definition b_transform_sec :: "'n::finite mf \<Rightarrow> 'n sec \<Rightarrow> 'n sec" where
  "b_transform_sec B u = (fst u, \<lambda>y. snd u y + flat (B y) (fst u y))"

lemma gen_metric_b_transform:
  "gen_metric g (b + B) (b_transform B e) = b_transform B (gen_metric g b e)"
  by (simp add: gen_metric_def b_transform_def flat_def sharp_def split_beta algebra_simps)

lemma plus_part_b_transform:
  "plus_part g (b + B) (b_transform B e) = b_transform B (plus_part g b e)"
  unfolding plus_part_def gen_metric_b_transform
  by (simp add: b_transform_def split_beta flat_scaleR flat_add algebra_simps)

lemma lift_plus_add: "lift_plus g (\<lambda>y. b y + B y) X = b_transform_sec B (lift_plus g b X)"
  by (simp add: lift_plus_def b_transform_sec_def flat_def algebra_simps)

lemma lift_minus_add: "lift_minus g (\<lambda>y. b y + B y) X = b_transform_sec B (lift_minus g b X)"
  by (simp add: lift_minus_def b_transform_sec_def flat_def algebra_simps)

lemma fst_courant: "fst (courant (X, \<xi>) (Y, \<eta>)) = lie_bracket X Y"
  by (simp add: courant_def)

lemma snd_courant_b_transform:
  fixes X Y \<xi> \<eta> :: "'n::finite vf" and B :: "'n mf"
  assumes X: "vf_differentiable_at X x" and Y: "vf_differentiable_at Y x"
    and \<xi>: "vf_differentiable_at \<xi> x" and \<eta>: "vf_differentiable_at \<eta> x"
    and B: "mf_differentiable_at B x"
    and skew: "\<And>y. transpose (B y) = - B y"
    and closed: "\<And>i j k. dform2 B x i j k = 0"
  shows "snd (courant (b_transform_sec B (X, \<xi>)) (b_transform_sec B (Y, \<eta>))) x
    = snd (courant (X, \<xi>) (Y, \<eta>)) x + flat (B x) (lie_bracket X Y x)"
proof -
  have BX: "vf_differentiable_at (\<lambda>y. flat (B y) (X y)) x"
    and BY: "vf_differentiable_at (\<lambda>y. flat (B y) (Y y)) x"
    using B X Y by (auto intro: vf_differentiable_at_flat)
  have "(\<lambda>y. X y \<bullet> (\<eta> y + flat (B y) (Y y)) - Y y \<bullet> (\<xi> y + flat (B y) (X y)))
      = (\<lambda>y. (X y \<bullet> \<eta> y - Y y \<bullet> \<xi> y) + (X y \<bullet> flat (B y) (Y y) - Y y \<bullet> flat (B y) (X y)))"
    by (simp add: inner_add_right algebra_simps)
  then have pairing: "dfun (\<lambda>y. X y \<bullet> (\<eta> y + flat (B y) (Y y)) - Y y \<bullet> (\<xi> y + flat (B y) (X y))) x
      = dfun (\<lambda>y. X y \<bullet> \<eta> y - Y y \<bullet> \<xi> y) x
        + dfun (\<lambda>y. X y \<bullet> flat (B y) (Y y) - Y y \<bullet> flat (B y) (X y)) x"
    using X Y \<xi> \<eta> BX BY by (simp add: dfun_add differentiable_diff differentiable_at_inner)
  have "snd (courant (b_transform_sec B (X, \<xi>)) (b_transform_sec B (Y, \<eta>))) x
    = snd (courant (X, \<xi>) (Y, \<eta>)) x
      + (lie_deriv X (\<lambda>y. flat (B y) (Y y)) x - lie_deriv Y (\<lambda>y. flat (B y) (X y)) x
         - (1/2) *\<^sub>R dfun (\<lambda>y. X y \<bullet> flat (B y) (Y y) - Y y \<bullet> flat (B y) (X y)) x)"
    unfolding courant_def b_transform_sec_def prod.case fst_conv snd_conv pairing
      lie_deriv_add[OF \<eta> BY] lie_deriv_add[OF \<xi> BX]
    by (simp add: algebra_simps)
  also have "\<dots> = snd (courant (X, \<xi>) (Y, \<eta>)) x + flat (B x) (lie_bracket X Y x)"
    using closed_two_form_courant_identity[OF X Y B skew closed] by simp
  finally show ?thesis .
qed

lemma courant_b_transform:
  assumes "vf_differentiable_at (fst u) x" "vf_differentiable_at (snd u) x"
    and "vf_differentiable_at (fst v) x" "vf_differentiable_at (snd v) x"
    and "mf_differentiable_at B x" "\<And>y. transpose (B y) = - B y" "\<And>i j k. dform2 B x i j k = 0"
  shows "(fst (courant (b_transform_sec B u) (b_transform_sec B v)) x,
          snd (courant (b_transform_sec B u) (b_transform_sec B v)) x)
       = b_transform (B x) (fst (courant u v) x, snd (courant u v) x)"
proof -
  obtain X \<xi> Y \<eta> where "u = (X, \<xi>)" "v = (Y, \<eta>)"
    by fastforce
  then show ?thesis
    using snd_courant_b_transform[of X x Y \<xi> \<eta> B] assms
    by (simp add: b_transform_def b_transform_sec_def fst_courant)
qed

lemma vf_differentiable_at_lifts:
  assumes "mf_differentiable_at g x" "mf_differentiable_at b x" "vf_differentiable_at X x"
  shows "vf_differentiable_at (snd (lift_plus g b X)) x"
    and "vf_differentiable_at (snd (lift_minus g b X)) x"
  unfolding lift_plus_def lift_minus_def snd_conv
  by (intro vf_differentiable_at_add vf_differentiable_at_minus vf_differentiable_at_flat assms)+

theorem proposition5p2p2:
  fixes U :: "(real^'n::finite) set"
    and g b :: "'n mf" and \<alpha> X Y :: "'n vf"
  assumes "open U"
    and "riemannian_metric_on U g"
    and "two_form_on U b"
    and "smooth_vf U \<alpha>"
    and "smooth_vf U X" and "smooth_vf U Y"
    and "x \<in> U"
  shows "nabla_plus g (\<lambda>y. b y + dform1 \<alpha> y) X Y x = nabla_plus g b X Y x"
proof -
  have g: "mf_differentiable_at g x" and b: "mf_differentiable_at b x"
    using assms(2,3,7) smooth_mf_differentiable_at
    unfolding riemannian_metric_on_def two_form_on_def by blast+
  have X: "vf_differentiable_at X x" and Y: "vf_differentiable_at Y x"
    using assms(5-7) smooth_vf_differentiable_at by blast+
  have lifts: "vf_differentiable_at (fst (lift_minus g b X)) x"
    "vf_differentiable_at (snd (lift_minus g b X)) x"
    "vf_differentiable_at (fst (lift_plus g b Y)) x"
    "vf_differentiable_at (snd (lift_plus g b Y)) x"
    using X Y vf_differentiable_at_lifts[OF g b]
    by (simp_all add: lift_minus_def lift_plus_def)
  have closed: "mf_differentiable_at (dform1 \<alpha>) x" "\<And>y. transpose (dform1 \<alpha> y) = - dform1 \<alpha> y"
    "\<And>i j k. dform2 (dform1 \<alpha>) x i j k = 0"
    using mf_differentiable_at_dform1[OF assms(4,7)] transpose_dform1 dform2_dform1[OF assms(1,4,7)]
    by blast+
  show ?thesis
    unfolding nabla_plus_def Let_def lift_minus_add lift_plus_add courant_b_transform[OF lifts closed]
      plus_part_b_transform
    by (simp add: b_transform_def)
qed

----

▶ TASK TO COMPLETE
Set every line down again exactly. Begin with the first line of the entries and finish with the line containing "b_transform B (gen_metric".

▶ SOLVED EXERCISE
definition b_transform_sec :: "'n::finite mf \<Rightarrow> 'n sec \<Rightarrow> 'n sec" where
  "b_transform_sec B u = (fst u, \<lambda>y. snd u y + flat (B y) (fst u y))"

lemma gen_metric_b_transform:
  "gen_metric g (b + B) (b_transform B e) = b_transform B (gen_metric g b e)"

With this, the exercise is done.